Николай Алексеевич Некрасов возвращался на родину. Он ехал в коляске, и лошади неторопливо бежали по мягкой дороге. Зеленые луга сменялись густыми березовыми рощами, над мелкими, тихими речками висели растрепанные, полуживые мосты, по берегам оврагов шуршали дрожащей листвой тоненькие осинки, густо зеленели ольшаники. С лугов тянуло запахом сырости и чуть подсохшего сена, издали доносился протяжный скрип коростеля, — знакомые звуки, запахи, краски, — все это было родное, всегда любимое и никогда не забываемое.

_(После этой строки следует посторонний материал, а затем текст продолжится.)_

text \<open>
  Fix nodes \<open>x1 < x2\<close>.  Outside \<open>[x1, x2]\<close> one has \<open>V = exp(-2d)\<close>, \<open>d\<close> the distance to
  the nearer node; between the nodes \<open>V\<close> lies between the midpoint value \<open>2w/(1+w)\<close>,
  \<open>w = exp(-(x2 - x1))\<close>, and \<open>2s/(1+s)\<close>, \<open>s = exp(-2d)\<close>.  Choose \<open>\<rho>, \<delta> > 0\<close> with
  \<open>q = exp(-2\<rho>)\<close> and \<open>q = 2 exp(-2\<delta>) / (1 + exp(-2\<delta>))\<close>; the quadratic equation defining
  \<open>q\<close> says exactly that \<open>L = 2(\<rho> + \<delta>)\<close>.

  Upper bound: the points where \<open>V > q\<close> lie in the two open intervals
  \<open>(x1 - \<rho>, x1 + \<delta>)\<close> and \<open>(x2 - \<delta>, x2 + \<rho>)\<close>, each of length \<open>L/2\<close>, and two such
  intervals cannot cover the closed interval \<open>[a, b]\<close> of length \<open>L\<close>.
  Lower bound: for the nodes \<open>a + \<rho>\<close> and \<open>b - \<rho>\<close>, which are \<open>2\<delta>\<close> apart, every point of
  \<open>[a, b]\<close> is within \<open>\<rho>\<close> of a node or between the nodes, so \<open>V \<ge> q\<close> there, with
  equality at \<open>a\<close>.
\<close>


lemma V_sym: "V x x1 x2 = V x x2 x1"
  unfolding V_def by (simp add: abs_minus_commute add_ac)

lemma V_left:
  assumes "x \<le> x1" "x1 < x2"
  shows "V x x1 x2 = exp (-2 * (x1 - x))"
proof -
  have corner: "exp (-(\<bar>x1 - x\<bar> + \<bar>x2 - x\<bar> + \<bar>x1 - x2\<bar>)) = exp (-2 * (x1 - x)) * exp (-2 * (x2 - x1))"
   and far: "exp (-2 * \<bar>x2 - x\<bar>) = exp (-2 * (x1 - x)) * exp (-2 * (x2 - x1))"
    using assms by (simp_all add: algebra_simps flip: exp_add)
  have "exp (-2 * (x2 - x1)) < 1" using assms by simp
  then show ?thesis
    unfolding V_def corner far using assms by (simp add: field_simps)
qed

lemma V_right:
  assumes "x2 \<le> x" "x1 < x2"
  shows "V x x1 x2 = exp (-2 * (x - x2))"
proof -
  have corner: "exp (-(\<bar>x1 - x\<bar> + \<bar>x2 - x\<bar> + \<bar>x1 - x2\<bar>)) = exp (-2 * (x - x2)) * exp (-2 * (x2 - x1))"
   and far: "exp (-2 * \<bar>x1 - x\<bar>) = exp (-2 * (x - x2)) * exp (-2 * (x2 - x1))"
    using assms by (simp_all add: algebra_simps flip: exp_add)
  have "exp (-2 * (x2 - x1)) < 1" using assms by simp
  then show ?thesis
    unfolding V_def corner far using assms by (simp add: field_simps)
qed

У ног Николая Алексеевича на мягкой подстилке лежала собака. Она спала, утомленная долгой, непривычной дорогой и только изредка взвизгивала во сне. Некрасов недовольно поглядывал на ее рыжую голову: заморская эта покупка принесла ему много хлопот в дороге.

Сколько раз мошенники-кондуктора делали вид, что не имеют права везти собаку в казенном экипаже. Сколько трешек, пятерок, «красненьких» пришлось раздать для того, чтобы избавиться от их разговоров. Все складывалось по русской пословице: «Не было у бабы заботы, так купила себе баба порося».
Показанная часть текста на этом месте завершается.